The protist that most people are familiar with is algae. Algae is found everywhere there is moisture. If you leave a glass of water out in most parts of the world, algal spores moving in the air will land in the water and produce a visible colony in a week or so. Algae sometimes lives inside of other organisms, like the algae in lichen fungi.
We were at the coast taking videos and photos for this module, and found a slimy coating of algae on a sidewalk. Can’t pass this up!
Diatom species are similar to algae in that they also photosynthesize, but they differ in having a silicon structure that persists long after they are dead.
Macroalgae
Most marine producers are tiny, but there several notable macro(large) producers including the seaweeds.
Seaweeds are not plants, they are actually large algae. You can tell by squishing fresh seaweed between your fingers: it squishes easily unlike the more structured plants.
Kelp, algae and diatoms are all classified in Domain Eukaryota and Kingdom _____.
If you have searched the beach after a storm, you have probably seen many of the macroscopic producers washed ashore.

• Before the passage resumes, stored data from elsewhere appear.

lemma bottom_scc_weak_tangle:
  assumes disj: "V0 G \<inter> V1 G = {}" and a: "a < 2"
    and Y: "closed_region G a Z \<sigma> Y" and \<sigma>: "\<forall>v w. \<sigma> v = Some w \<longrightarrow> (v, w) \<in> E G"
    and scc: "is_bottom_scc (ext_graph G a \<sigma> Y) Y C"
    and C: "C \<subseteq> verts G" "prs G C mod 2 = a"
  shows "weak_tangle G (C, \<sigma> |` C)"
proof -
  let ?H = "ext_graph G a \<sigma> Y"
  have CY: "C \<noteq> {}" "C \<subseteq> Y" and closed: "\<forall>u \<in> C. \<forall>w. (u, w) \<in> ?H \<longrightarrow> w \<in> C"
    and connected: "\<forall>u \<in> C. \<forall>w \<in> C. (u, w) \<in> ?H\<^sup>*"
    using scc unfolding is_bottom_scc_def by blast+
  have strategy: "\<exists>w. (\<sigma> |` C) v = Some w \<and> w \<in> C \<and> (v, w) \<in> E G" if v: "v \<in> C \<inter> owned G a" for v
  proof -
    have "v \<in> Y \<inter> owned G a"
      using v CY by blast
    then obtain w where w: "\<sigma> v = Some w"
      using Y unfolding closed_region_def by blast
    have "(v, w) \<in> ?H"
      using v CY w by (intro ext_graph_own_edge) auto
    then have "w \<in> C"
      using closed v by blast
    then show ?thesis
      using w \<sigma> v by simp
  qed
  have step: "\<forall>x \<in> C. \<forall>y. (x, y) \<in> ?H \<longrightarrow> y \<in> C \<and> (x, y) \<in> tangle_graph G a C (\<sigma> |` C)"
  proof (intro ballI allI impI)
    fix x y assume xy: "x \<in> C" "(x, y) \<in> ?H"
    have "y \<in> C"
      using closed xy by blast
    moreover have "x \<in> owned G a \<and> \<sigma> x = Some y \<or> x \<in> owned G (1 - a) \<and> (x, y) \<in> E G"
      using xy(2) owned_opponent_disjoint[OF disj a] unfolding ext_graph_def by blast
    ultimately show "y \<in> C \<and> (x, y) \<in> tangle_graph G a C (\<sigma> |` C)"
      using xy(1) \<sigma> unfolding tangle_graph_def by auto
  qed
  have walk: "w \<in> C \<and> (u, w) \<in> (tangle_graph G a C (\<sigma> |` C))\<^sup>*" if "u \<in> C" "(u, w) \<in> ?H\<^sup>*" for u w
    using step that by (rule rtrancl_closed_into_rtrancl)
  have "\<forall>u \<in> C. \<forall>w \<in> C. (u, w) \<in> (tangle_graph G a C (\<sigma> |` C))\<^sup>*"
    using walk connected by blast
  then show ?thesis
    using CY C strategy unfolding weak_tangle_def Let_def fst_conv snd_conv by simp
qed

Kelp is algae (seaweed) that grows along many coastlines and appears like an underwater forest.
These sea otters have wrapped emerging kelp around their bodies to stay in place as they sleep.
This video introduces the three basic types of macroalgae, also called kelp or seaweed.
We can see macroalgae and a bit of sea grass in this beach debris sample.
Kelp may not have the vascular system or tissue complexity of plants, but they can still be huge. This kelp measured well over 5 meters (15 feet) in length.
There are some marine plants like this sea grass, but sea plants are primarily found around coastlines. Marine plants are nowhere near as abundant as algae, diatoms, dinoflagellates, bacteria and archaea producers.
Before we head to various ocean zones in this guide and the next, a word on safety specific to coastal adventures.
The next section introduces ocean zones and how they relate to marine life.
Check your knowledge. Can you:
- Provide examples of marine plankton and their roles in food webs?
- List examples of producer and consumer Protists?
- Describe the types of macroscopic producers found in marine habitats?